The second big distinction is maintainability, and this is one where context awareness handily trumps customer-specific finetuning. If the base model improves or is updated, all of the precomputed indices in context awareness still apply, but customer-specific finetuning will need to be redone as there is no easy way to “transfer” weights. Even more than this, as soon as a codebase changes, it is incredibly fast to update the indices in the context awareness system, but any new code won’t be reflected via customer-specific finetuning until a new finetuning job is completed. Since customer-specific finetuning should not be used for retrieval anyways, this last point is less worrisome, but still highlights the update speed of the two systems.

The final distinction is on how predictable a win is with the corresponding tool. Getting wins from context awareness is much more predictable, and its outputs are inspectable, while for customer-specific finetuning, it often takes multiple cycles of choosing which parts of the codebase to finetune over and testing quality of results over long periods of time before seeing any wins. For our customers who have seen wins from customer-specific finetuning on their DSLs and rare languages, it has always taken at least a few weeks of constant iteration and evaluation to get to a place where there is confidence. On top of this, with context awareness there are more places where a developer can help guide the system by providing more explicit user intent, such as with @ mentions or context pinning, which makes improved quality in results even more likely.

All of these positives of context awareness and negatives of customer-specific finetuning are not meant to convince people that the former is objectively better than the latter.

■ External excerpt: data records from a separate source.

(* Let $\ell$ be an odd prime. For any real number $M$, there are at most $2\ell M$ primes $p\in\mathbb{P}$ with $R_\ell(p)\le M$.
   Context: $\Phi_\ell(X)$ denotes the $\ell$-th cyclotomic polynomial. For a natural number $n$, $R_\ell(n):=\min\{d\in\mathbb{N}: n\mid \Phi_\ell(d)\}$ if such $d$ exists, and $R_\ell(n)=\infty$ otherwise. $\mathbb{P}$ denotes the set of primes $p$ that divide $\Phi_\ell(d)$ for some $d\in\mathbb{N}$. *)

theory Defs
  imports "HOL-Analysis.Analysis" "HOL-Computational_Algebra.Polynomial" "HOL-Library.Extended_Nat"
begin

definition cyclotomic :: "nat \<Rightarrow> complex poly" where
  "cyclotomic n = (\<Prod>k\<in>{k. 1 \<le> k \<and> k \<le> n \<and> coprime k n}.
      [:- cis (2 * pi * real k / real n), 1:])"

definition dvd_cyclo :: "nat \<Rightarrow> nat \<Rightarrow> nat \<Rightarrow> bool" where
  "dvd_cyclo n l d \<longleftrightarrow> (\<exists>m::int. poly (cyclotomic l) (of_nat d) = of_int (int n * m))"

definition R :: "nat \<Rightarrow> nat \<Rightarrow> enat" where
  "R l n = (if \<exists>d. d \<ge> 1 \<and> dvd_cyclo n l d
            then enat (LEAST d. d \<ge> 1 \<and> dvd_cyclo n l d) else \<infinity>)"

definition Pset :: "nat \<Rightarrow> nat set" where
  "Pset l = {p. prime p \<and> (\<exists>d. d \<ge> 1 \<and> dvd_cyclo p l d)}"

end

theory Submission
  imports Defs
begin

text \<open>For prime \<open>l\<close> we have \<open>\<Phi>\<^sub>l(d) = 1 + d + \<dots> + d\<^bsup>l-1\<^esup>\<close>. If \<open>p \<in> \<P>\<close> and \<open>r = R\<^sub>l(p)\<close>,
  reducing a witness modulo \<open>p\<close> shows \<open>r < p\<close>, so \<open>p\<close> is a prime divisor of \<open>\<Phi>\<^sub>l(r)\<close>
  exceeding \<open>r\<close>. The product of all such primes divides \<open>\<Phi>\<^sub>l(r) < (r + 1)\<^sup>l\<close> while
  each of them is at least \<open>r + 1\<close>, so there are fewer than \<open>l\<close> of them. Summing over
  \<open>r = 1, \<dots>, \<lfloor>M\<rfloor>\<close> bounds the count by \<open>l M\<close>.\<close>

lemma cyclotomic_prime_eq_prod:
  assumes "prime l"
  shows "cyclotomic l = (\<Prod>k\<in>{1..<l}. [:- cis (2 * pi * real k / real l), 1:])"
proof -
  have "{k. 1 \<le> k \<and> k \<le> l \<and> coprime k l} = {1..<l}"
  proof (intro set_eqI iffI)
    fix k assume "k \<in> {k. 1 \<le> k \<and> k \<le> l \<and> coprime k l}"
    then show "k \<in> {1..<l}" using assms by (cases "k = l") auto
  next
    fix k assume k: "k \<in> {1..<l}"
    then have "\<not> l dvd k" by (auto dest: dvd_imp_le)
    then show "k \<in> {k. 1 \<le> k \<and> k \<le> l \<and> coprime k l}"
      using k prime_imp_coprime[OF assms] by (auto simp: coprime_commute)
  qed
  then show ?thesis unfolding cyclotomic_def by simp
qed

lemma cyclotomic_prime:
  assumes "prime l"
  shows "cyclotomic l = (\<Sum>i<l. monom 1 i)"
proof -
  have l0: "l > 0" using assms prime_gt_0_nat by blast
  let ?root = "\<lambda>k. cis (2 * pi * real k / real l)"
  note cyclo = cyclotomic_prime_eq_prod[OF assms]
  have inj: "inj_on ?root {..<l}"
    using Complex.bij_betw_roots_unity[OF l0] by (rule bij_betw_imp_inj_on)
  show ?thesis
  proof (rule poly_eqI_degree_lead_coeff[where n = "l - 1" and A = "?root ` {1..<l}"])
    have "degree (cyclotomic l) = l - 1"
      unfolding cyclo by (simp add: degree_prod_eq_sum_degree)
    moreover have "lead_coeff (cyclotomic l) = 1"
      unfolding cyclo by (simp add: lead_coeff_prod)
    moreover have "coeff (\<Sum>i<l. monom (1::complex) i) (l - 1) = 1"
      using l0 by (simp add: coeff_sum coeff_monom)
    ultimately show "degree (cyclotomic l) \<le> l - 1"
      and "coeff (cyclotomic l) (l - 1) = coeff (\<Sum>i<l. monom 1 i) (l - 1)"
      by simp_all
    show "degree (\<Sum>i<l. monom (1::complex) i) \<le> l - 1"
      by (intro degree_sum_le) (auto simp: degree_monom_eq)
    show "card (?root ` {1..<l}) \<ge> l - 1"
      using inj by (subst card_image) (auto intro: inj_on_subset)
  next
    fix z assume "z \<in> ?root ` {1..<l}"
    then obtain k where k: "k \<in> {1..<l}" "z = ?root k" by blast
    have "z ^ l = 1"
      using Complex.bij_betw_roots_unity[OF l0] k unfolding bij_betw_def by auto
    moreover have "z \<noteq> 1"
      using inj_onD[OF inj, of k 0] k l0 by auto
    ultimately have "(\<Sum>i<l. z ^ i) = 0" by (simp add: geometric_sum)
    moreover have "poly (cyclotomic l) z = 0"
      unfolding cyclo using k by (auto simp: poly_prod)
    ultimately show "poly (cyclotomic l) z = poly (\<Sum>i<l. monom 1 i) z"
      by (simp add: poly_sum poly_monom)
  qed
qed

lemma dvd_cyclo_prime_iff:
  assumes "prime l"
  shows "dvd_cyclo n l d \<longleftrightarrow> n dvd (\<Sum>i<l. d ^ i)"
proof -
  have "poly (cyclotomic l) (of_nat d) = of_int (int (\<Sum>i<l. d ^ i))"
    by (simp add: cyclotomic_prime[OF assms] poly_sum poly_monom)
  then have "dvd_cyclo n l d \<longleftrightarrow> (\<exists>m. int (\<Sum>i<l. d ^ i) = int n * m)"
    unfolding dvd_cyclo_def by (metis of_int_eq_iff)
  also have "\<dots> \<longleftrightarrow> int n dvd int (\<Sum>i<l. d ^ i)" by (auto simp: dvd_def)
  finally show ?thesis by (simp only: int_dvd_int_iff)
qed

lemma coprime_geom_sum:
  fixes d :: nat
  assumes "l > 0"
  shows "coprime d (\<Sum>i<l. d ^ i)"
proof -
  obtain k where "l = Suc k" using assms not0_implies_Suc by blast
  then have "(\<Sum>i<l. d ^ i) = (\<Sum>i<k. d ^ i) * d + 1"
    by (simp add: sum.lessThan_Suc_shift sum_distrib_right power_Suc2
        del: sum.lessThan_Suc power_Suc)
  then show ?thesis by (simp only: coprime_iff_gcd_eq_1 gcd_add_mult gcd_1_nat)
qed

lemma dvd_geom_sum_mod_iff:
  fixes d p :: nat
  shows "p dvd (\<Sum>i<l. (d mod p) ^ i) \<longleftrightarrow> p dvd (\<Sum>i<l. d ^ i)"
proof -
  have "(\<Sum>i<l. (d mod p) ^ i) mod p = (\<Sum>i<l. (d mod p) ^ i mod p) mod p"
    by (rule mod_sum_eq[symmetric])
  also have "\<dots> = (\<Sum>i<l. d ^ i mod p) mod p"
    by (simp add: power_mod)
  also have "\<dots> = (\<Sum>i<l. d ^ i) mod p"
    by (rule mod_sum_eq)
  finally show ?thesis by (simp add: dvd_eq_mod_eq_0)
qed

lemma R_of_Pset_bounds:
  assumes "prime l" and "p \<in> Pset l"
  obtains r where "R l p = enat r" and "1 \<le> r" and "r < p" and "p dvd (\<Sum>i<l. r ^ i)"
proof -
  obtain d where p: "prime p" and "d \<ge> 1" and "dvd_cyclo p l d"
    using assms(2) unfolding Pset_def by blast
  then have dvd_sum: "p dvd (\<Sum>i<l. d ^ i)" using dvd_cyclo_prime_iff[OF assms(1)] by blast
  let ?P = "\<lambda>d. d \<ge> 1 \<and> dvd_cyclo p l d"
  define r where "r = (LEAST d. ?P d)"
  \<comment> \<open>\<open>d mod p\<close> is again a witness; it is nonzero because \<open>p\<close> cannot divide both \<open>d\<close> and \<open>\<Phi>\<^sub>l(d)\<close>.\<close>
  have "\<not> p dvd d"
    using coprime_geom_sum[of l d] dvd_sum p assms(1) prime_gt_0_nat
    by (metis coprime_common_divisor not_prime_unit)
  then have "?P (d mod p)"
    using dvd_sum dvd_geom_sum_mod_iff dvd_cyclo_prime_iff[OF assms(1)]
    by (simp add: dvd_eq_mod_eq_0 Suc_le_eq)
  then have "?P r" and "r \<le> d mod p"
    unfolding r_def by (rule LeastI, rule Least_le)
  moreover have "d mod p < p" using p prime_gt_0_nat by simp
  moreover have "R l p = enat r" using \<open>?P r\<close> unfolding R_def r_def by auto
  ultimately show thesis
    using that dvd_cyclo_prime_iff[OF assms(1)] by (meson order_le_less_trans)
qed

definition prime_divisors_above :: "nat \<Rightarrow> nat \<Rightarrow> nat set" where
  "prime_divisors_above r n = {p. prime p \<and> p dvd n \<and> r < p}"

lemma finite_prime_divisors_above:
  assumes "n > 0"
  shows "finite (prime_divisors_above r n)"
proof (rule finite_subset)
  show "prime_divisors_above r n \<subseteq> prime_factors n"
    using assms by (auto simp: prime_divisors_above_def prime_factors_dvd)
qed simp

lemma prod_primes_dvd:
  fixes n :: nat
  assumes "finite P" and "\<And>p. p \<in> P \<Longrightarrow> prime p \<and> p dvd n"
  shows "\<Prod>P dvd n"
  using assms
proof (induction P rule: finite_induct)
  case (insert q P)
  have "coprime (\<Prod>P) q"
    using insert by (intro prod_coprime_left primes_coprime) auto
  then show ?case
    using insert by (metis coprime_commute divides_mult insert_iff prod.insert)
qed simp

lemma power_card_prime_divisors_above_le:
  fixes n r :: nat
  assumes "n > 0"
  shows "(r + 1) ^ card (prime_divisors_above r n) \<le> n"
proof -
  let ?P = "prime_divisors_above r n"
  have fin: "finite ?P" using assms by (rule finite_prime_divisors_above)
  have "(r + 1) ^ card ?P = (\<Prod>p\<in>?P. r + 1)" by simp
  also have "\<dots> \<le> \<Prod>?P"
    by (rule prod_mono) (auto simp: prime_divisors_above_def)
  also have "\<dots> \<le> n"
    using assms by (intro dvd_imp_le prod_primes_dvd fin) (auto simp: prime_divisors_above_def)
  finally show ?thesis .
qed

lemma geom_sum_pos:
  fixes r :: nat
  assumes "l > 0"
  shows "(\<Sum>i<l. r ^ i) > 0"
proof -
  have "r ^ 0 \<le> (\<Sum>i<l. r ^ i)" using assms by (intro member_le_sum) auto
  then show ?thesis by simp
qed

lemma geom_sum_less_power:
  fixes r :: nat
  assumes "r \<ge> 1"
  shows "(\<Sum>i<n. r ^ i) < (r + 1) ^ n"
proof (induction n)
  case (Suc n)
  have "r ^ n \<le> (r + 1) ^ n" by (rule power_mono) auto
  also have "\<dots> \<le> r * (r + 1) ^ n" using assms by simp
  finally show ?case using Suc by simp
qed simp

lemma card_prime_divisors_above_geom_sum:
  fixes r l :: nat
  assumes "r \<ge> 1" and "l > 0"
  shows "card (prime_divisors_above r (\<Sum>i<l. r ^ i)) < l"
proof -
  have "(r + 1) ^ card (prime_divisors_above r (\<Sum>i<l. r ^ i)) < (r + 1) ^ l"
    using power_card_prime_divisors_above_le[OF geom_sum_pos[OF assms(2)]]
      geom_sum_less_power[OF assms(1)] by (rule le_less_trans)
  then show ?thesis using assms(1) by (simp add: power_strict_increasing_iff)
qed

theorem proposition3:
  fixes l :: nat and M :: real
  assumes "prime l" and "odd l" and "M \<ge> 0"
  shows "finite {p \<in> Pset l. R l p \<noteq> \<infinity> \<and> real (the_enat (R l p)) \<le> M}
    \<and> real (card {p \<in> Pset l. R l p \<noteq> \<infinity> \<and> real (the_enat (R l p)) \<le> M}) \<le> 2 * real l * M"
proof -
  let ?A = "{p \<in> Pset l. R l p \<noteq> \<infinity> \<and> real (the_enat (R l p)) \<le> M}"
  define N where "N = nat \<lfloor>M\<rfloor>"
  define B where "B r = prime_divisors_above r (\<Sum>i<l. r ^ i)" for r
  have l0: "l > 0" using assms(1) prime_gt_0_nat by blast
  have cover: "?A \<subseteq> (\<Union>r\<in>{1..N}. B r)"
  proof
    fix p assume p: "p \<in> ?A"
    then obtain r where r: "R l p = enat r" "1 \<le> r" "r < p" "p dvd (\<Sum>i<l. r ^ i)"
      using R_of_Pset_bounds[OF assms(1)] by blast
    have "real r \<le> M" using p r(1) by simp
    then have "r \<le> N" unfolding N_def by (rule le_nat_floor)
    moreover have "prime p" using p by (simp add: Pset_def)
    ultimately show "p \<in> (\<Union>r\<in>{1..N}. B r)"
      using r unfolding B_def prime_divisors_above_def by auto
  qed
  have B: "finite (B r)" "card (B r) \<le> l" if "r \<in> {1..N}" for r
    using that geom_sum_pos[OF l0, of r] finite_prime_divisors_above
      card_prime_divisors_above_geom_sum[of r l, OF _ l0]
    by (simp_all add: B_def)
  have fin_cover: "finite (\<Union>r\<in>{1..N}. B r)" using B(1) by blast
  have "card ?A \<le> card (\<Union>r\<in>{1..N}. B r)" by (rule card_mono[OF fin_cover cover])
  also have "\<dots> \<le> (\<Sum>r\<in>{1..N}. card (B r))" by (rule card_UN_le) simp
  also have "\<dots> \<le> N * l"
    using B(2) sum_bounded_above[of "{1..N}" "\<lambda>r. card (B r)" l] by simp
  finally have "real (card ?A) \<le> real N * real l" by (metis of_nat_le_iff of_nat_mult)
  also have "\<dots> \<le> M * real l"
    by (rule mult_right_mono) (use assms(3) in \<open>simp_all add: N_def\<close>)
  also have "\<dots> \<le> 2 * real l * M" using assms(3) by simp
  finally show ?thesis using finite_subset[OF cover fin_cover] by simp
qed

end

We just want to be clear why we recommend customer-specific finetuning to be used sparingly and tactically since almost every potential customer asks us about our finetuning system under the impression that it will create a personalized experience. The reality is that with Codeium, companies indeed will get a personalized experience, but more likely because of our advanced context awareness system.

What’s Next for Codeium’s Personalization Engine

To be transparent, these findings reflect the current state of Codeium’s context awareness and customer-specific finetuning systems, and they align with results that we have heard from other practitioners. Our opinions may completely change as we continue to iterate on and improve the systems.

And the reality is that we actually think there are improvements to be made on both context awareness and customer-specific finetuning, and are actively working on brand new paradigms for both. Context awareness still suffers from false positives in retrieval, which only become more problematic as a codebase gets larger, and customer-specific finetuning likely has targeted applications where the value is really highlighted. We have been researching how to massively increase the precision-recall of retrieval, and how to minimize the overhead of customer-specific finetuning while still being able to encode a lot of context as “long term memory.” We also said that context awareness and customer-specific finetuning were two tools in the personalization toolbox - we actually think there might be more… More to come on personalization engine breakthroughs shortly.